Data for processing:

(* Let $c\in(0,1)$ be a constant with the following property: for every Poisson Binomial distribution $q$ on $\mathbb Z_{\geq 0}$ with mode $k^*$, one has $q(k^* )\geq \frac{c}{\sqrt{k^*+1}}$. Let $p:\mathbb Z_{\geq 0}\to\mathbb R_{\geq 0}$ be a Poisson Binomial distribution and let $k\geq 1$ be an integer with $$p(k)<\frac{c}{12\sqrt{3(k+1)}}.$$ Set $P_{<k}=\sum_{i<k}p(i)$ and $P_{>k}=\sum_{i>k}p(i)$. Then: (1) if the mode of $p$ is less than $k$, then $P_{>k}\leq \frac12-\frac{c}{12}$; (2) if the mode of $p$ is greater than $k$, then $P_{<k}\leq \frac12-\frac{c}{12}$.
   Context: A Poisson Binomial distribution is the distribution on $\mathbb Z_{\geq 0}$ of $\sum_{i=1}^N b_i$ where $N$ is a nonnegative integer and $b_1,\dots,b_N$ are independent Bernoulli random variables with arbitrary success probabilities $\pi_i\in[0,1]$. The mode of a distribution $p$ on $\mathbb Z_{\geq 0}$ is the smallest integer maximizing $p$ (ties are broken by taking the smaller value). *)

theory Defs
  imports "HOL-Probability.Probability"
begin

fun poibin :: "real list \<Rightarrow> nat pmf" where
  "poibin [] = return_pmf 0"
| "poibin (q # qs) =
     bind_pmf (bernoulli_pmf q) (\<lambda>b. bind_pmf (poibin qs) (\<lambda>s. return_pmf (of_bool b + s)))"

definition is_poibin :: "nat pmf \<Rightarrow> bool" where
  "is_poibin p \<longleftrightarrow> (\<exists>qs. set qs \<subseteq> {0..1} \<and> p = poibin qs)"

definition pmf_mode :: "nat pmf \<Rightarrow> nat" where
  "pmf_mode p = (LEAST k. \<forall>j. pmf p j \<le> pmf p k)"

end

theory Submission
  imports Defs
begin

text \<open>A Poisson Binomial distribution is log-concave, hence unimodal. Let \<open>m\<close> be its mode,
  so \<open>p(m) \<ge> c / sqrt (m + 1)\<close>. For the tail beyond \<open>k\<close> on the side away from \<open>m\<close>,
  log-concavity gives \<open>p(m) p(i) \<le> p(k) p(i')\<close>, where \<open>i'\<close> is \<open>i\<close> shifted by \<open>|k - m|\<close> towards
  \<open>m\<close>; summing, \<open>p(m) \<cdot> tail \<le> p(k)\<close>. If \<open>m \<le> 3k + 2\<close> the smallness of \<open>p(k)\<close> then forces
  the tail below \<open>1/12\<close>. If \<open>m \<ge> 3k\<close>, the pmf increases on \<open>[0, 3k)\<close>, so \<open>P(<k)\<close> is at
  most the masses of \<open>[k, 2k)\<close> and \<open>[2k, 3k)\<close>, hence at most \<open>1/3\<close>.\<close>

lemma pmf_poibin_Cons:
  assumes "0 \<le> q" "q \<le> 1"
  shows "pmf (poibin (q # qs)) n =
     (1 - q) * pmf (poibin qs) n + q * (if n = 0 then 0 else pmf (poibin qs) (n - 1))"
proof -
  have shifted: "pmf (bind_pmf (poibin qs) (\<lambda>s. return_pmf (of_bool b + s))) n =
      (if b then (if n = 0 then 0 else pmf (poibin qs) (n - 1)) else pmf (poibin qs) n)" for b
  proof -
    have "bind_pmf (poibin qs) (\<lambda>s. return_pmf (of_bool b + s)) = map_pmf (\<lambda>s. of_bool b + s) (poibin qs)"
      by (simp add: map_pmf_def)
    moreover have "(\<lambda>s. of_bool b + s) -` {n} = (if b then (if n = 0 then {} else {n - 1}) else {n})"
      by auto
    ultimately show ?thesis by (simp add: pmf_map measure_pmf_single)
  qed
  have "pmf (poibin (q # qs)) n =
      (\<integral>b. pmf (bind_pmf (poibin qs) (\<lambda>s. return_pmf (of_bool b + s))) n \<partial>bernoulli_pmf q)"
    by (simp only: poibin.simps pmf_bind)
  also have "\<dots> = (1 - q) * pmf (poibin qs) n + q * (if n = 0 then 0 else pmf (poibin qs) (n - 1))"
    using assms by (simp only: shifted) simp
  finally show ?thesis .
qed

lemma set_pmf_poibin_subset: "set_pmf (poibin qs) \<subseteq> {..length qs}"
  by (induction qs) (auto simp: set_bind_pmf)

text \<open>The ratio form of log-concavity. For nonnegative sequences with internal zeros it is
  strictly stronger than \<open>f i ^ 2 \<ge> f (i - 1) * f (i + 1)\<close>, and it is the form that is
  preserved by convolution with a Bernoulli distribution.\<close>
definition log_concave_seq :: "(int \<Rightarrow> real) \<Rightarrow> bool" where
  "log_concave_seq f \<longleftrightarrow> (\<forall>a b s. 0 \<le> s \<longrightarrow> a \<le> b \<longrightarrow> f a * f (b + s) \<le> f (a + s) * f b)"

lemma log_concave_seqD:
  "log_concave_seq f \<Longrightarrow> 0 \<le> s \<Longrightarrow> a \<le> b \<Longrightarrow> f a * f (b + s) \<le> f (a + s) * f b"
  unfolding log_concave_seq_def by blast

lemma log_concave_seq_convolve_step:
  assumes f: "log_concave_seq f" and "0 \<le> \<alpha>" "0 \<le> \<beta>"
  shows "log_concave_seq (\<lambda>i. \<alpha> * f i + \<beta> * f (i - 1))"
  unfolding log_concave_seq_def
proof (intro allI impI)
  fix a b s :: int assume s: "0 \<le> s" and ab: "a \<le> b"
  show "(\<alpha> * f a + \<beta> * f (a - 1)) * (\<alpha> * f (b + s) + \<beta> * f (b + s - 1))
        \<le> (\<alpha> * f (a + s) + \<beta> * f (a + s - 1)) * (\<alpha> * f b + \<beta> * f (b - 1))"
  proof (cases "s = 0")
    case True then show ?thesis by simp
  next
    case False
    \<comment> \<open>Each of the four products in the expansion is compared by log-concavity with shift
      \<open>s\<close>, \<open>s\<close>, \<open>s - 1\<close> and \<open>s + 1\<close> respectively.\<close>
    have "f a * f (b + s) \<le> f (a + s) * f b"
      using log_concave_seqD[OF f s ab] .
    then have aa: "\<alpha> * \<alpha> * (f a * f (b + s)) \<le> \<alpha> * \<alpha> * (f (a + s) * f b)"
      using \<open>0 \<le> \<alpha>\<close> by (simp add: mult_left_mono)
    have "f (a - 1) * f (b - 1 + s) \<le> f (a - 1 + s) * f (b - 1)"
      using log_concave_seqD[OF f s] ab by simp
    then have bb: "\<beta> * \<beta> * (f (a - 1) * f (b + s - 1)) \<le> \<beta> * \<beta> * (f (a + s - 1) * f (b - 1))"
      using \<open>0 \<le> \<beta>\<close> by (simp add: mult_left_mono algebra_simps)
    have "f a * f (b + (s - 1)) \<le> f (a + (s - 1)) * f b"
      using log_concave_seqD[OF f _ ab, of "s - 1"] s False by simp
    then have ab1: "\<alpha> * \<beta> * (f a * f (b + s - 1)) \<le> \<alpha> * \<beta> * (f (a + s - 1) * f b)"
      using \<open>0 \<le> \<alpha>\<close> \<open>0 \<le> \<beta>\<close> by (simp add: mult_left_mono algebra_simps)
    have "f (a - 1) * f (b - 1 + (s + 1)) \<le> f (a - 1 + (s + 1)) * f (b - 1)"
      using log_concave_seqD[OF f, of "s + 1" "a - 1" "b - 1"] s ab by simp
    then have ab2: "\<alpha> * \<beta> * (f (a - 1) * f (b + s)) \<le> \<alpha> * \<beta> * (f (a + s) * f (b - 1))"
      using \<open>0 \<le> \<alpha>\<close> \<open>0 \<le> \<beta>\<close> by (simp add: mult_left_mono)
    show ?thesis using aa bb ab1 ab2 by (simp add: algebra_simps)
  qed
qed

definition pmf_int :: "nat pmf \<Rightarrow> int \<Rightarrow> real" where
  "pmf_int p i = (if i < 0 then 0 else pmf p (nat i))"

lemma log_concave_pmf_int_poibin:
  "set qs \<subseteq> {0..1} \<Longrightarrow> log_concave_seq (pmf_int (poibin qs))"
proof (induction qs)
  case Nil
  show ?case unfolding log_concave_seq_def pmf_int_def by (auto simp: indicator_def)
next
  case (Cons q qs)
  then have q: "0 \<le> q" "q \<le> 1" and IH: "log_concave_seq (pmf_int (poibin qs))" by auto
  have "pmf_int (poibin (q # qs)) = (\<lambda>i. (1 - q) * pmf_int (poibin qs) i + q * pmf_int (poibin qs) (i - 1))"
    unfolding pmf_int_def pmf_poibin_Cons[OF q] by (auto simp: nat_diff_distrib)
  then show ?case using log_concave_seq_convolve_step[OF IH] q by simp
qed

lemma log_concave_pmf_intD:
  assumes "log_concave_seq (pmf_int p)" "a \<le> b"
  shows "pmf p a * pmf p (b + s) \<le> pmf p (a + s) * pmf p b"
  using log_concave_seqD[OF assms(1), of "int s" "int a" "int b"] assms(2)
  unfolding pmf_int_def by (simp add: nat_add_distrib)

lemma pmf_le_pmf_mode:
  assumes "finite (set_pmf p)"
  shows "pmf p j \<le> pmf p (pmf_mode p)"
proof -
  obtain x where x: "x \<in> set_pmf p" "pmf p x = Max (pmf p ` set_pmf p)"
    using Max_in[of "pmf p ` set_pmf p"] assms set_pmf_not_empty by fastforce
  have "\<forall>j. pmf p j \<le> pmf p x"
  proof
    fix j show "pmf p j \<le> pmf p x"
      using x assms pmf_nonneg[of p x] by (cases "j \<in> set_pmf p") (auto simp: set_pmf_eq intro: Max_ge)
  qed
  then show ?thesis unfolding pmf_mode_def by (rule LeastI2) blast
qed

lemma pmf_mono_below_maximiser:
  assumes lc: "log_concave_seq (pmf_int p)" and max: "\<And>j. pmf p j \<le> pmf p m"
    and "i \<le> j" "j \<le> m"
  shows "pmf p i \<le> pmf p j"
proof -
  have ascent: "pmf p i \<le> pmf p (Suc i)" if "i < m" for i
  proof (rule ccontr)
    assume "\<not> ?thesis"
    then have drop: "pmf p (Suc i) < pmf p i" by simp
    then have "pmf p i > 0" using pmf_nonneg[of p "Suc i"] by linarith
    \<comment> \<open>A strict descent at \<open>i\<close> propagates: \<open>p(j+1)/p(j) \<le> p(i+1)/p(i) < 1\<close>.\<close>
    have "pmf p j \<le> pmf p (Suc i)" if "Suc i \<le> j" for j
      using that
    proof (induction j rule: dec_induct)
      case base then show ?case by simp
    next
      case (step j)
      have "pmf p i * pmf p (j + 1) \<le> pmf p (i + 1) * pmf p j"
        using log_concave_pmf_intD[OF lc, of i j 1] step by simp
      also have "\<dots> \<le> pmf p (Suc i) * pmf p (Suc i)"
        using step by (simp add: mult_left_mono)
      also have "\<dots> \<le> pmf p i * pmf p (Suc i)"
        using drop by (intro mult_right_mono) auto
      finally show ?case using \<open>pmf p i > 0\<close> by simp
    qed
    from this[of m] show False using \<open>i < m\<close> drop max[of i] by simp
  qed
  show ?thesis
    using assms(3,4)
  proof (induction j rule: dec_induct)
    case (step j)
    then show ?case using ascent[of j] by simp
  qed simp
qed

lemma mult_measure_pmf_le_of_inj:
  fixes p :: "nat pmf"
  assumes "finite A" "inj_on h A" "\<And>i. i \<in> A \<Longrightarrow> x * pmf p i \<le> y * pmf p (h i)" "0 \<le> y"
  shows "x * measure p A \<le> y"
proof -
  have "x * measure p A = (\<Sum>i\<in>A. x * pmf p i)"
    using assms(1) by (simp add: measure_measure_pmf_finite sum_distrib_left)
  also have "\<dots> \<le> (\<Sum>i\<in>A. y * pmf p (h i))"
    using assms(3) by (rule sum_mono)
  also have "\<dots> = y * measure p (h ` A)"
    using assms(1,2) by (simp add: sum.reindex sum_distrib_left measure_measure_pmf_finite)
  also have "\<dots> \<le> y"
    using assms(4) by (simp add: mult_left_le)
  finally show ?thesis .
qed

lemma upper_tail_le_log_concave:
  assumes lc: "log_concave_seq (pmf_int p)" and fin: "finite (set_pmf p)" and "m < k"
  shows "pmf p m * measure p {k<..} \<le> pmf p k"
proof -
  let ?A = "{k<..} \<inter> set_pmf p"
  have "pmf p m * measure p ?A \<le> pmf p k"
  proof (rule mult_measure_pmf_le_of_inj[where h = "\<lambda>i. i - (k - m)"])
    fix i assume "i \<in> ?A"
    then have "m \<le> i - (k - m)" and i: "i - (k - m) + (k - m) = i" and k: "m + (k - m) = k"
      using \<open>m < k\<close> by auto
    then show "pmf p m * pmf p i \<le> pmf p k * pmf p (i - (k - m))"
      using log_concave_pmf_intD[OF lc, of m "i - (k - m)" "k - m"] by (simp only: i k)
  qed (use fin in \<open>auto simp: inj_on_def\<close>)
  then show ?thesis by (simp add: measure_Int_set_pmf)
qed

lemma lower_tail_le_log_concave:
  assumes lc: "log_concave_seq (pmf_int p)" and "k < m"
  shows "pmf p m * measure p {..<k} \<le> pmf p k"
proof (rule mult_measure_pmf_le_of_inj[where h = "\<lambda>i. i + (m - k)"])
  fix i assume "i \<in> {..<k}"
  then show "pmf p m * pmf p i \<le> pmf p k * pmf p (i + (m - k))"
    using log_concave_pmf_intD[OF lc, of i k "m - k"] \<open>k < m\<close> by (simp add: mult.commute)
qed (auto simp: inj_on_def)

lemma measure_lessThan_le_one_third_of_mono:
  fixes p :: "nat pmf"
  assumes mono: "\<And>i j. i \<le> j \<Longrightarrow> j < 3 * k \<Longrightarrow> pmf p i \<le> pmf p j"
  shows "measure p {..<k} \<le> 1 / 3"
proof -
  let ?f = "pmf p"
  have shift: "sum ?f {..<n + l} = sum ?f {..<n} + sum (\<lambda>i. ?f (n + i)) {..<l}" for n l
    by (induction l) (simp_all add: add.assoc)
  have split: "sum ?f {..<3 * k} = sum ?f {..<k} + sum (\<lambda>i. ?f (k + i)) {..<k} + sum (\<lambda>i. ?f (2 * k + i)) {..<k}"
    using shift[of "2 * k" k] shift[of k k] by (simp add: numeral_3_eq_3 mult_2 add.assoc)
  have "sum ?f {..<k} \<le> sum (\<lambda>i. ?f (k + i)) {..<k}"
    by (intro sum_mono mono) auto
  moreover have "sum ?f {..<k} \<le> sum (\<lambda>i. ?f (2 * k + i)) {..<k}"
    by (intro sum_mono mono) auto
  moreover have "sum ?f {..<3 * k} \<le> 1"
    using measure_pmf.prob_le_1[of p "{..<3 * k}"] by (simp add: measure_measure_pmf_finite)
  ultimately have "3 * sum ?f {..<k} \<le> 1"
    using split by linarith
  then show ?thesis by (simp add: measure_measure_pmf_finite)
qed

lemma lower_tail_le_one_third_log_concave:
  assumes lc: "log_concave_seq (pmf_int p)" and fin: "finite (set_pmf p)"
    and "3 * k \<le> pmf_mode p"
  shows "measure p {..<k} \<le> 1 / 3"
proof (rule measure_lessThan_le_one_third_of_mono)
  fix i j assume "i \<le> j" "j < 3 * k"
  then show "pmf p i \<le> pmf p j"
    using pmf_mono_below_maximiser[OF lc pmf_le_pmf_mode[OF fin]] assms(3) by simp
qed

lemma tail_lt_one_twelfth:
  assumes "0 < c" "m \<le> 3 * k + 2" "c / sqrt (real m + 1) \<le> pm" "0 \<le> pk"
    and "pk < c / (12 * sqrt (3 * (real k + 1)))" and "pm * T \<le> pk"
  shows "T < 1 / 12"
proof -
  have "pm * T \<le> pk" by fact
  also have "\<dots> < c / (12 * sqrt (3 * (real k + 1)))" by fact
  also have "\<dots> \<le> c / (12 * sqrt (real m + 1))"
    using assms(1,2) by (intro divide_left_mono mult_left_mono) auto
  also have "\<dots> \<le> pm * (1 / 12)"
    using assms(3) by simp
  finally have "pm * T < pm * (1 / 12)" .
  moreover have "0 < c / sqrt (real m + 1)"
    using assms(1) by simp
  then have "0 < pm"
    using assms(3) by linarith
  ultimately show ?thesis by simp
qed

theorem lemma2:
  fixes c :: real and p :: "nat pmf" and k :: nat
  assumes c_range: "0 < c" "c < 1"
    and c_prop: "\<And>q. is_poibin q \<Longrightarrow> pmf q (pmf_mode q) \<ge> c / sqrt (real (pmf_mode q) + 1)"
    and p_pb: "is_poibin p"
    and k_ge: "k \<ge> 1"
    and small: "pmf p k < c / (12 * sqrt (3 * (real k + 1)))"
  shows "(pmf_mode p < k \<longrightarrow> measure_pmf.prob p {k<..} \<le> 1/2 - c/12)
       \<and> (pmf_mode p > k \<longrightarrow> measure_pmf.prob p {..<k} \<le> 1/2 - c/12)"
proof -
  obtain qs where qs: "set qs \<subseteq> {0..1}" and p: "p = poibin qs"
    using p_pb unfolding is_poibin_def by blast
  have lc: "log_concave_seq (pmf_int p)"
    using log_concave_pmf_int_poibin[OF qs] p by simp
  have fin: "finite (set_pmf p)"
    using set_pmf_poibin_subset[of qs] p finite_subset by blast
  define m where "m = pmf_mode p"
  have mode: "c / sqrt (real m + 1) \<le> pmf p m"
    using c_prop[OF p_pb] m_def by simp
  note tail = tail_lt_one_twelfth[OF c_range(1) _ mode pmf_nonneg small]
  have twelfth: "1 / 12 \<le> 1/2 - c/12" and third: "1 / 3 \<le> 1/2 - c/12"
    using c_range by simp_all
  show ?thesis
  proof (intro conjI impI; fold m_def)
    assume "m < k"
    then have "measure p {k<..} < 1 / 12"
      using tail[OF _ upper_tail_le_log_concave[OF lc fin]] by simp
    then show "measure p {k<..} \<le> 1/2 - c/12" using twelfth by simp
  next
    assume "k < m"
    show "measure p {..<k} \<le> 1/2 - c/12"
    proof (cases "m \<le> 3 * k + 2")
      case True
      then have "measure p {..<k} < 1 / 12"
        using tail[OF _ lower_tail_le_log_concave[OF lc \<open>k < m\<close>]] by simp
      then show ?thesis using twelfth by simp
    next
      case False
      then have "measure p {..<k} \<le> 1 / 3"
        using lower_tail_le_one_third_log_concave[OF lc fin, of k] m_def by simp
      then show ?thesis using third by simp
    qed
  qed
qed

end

Problem:
Which lines of the records contain the word "nonnegative"? Copy each of them.

Result of this task:
   Context: A Poisson Binomial distribution is the distribution on $\mathbb Z_{\geq 0}$ of $\sum_{i=1}^N b_i$ where $N$ is a nonnegative integer and $b_1,\dots,b_N$ are independent Bernoulli random variables with arbitrary success probabilities $\pi_i\in[0,1]$. The mode of a distribution $p$ on $\mathbb Z_{\geq 0}$ is the smallest integer maximizing $p$ (ties are broken by taking the smaller value). *)
text \<open>The ratio form of log-concavity. For nonnegative sequences with internal zeros it is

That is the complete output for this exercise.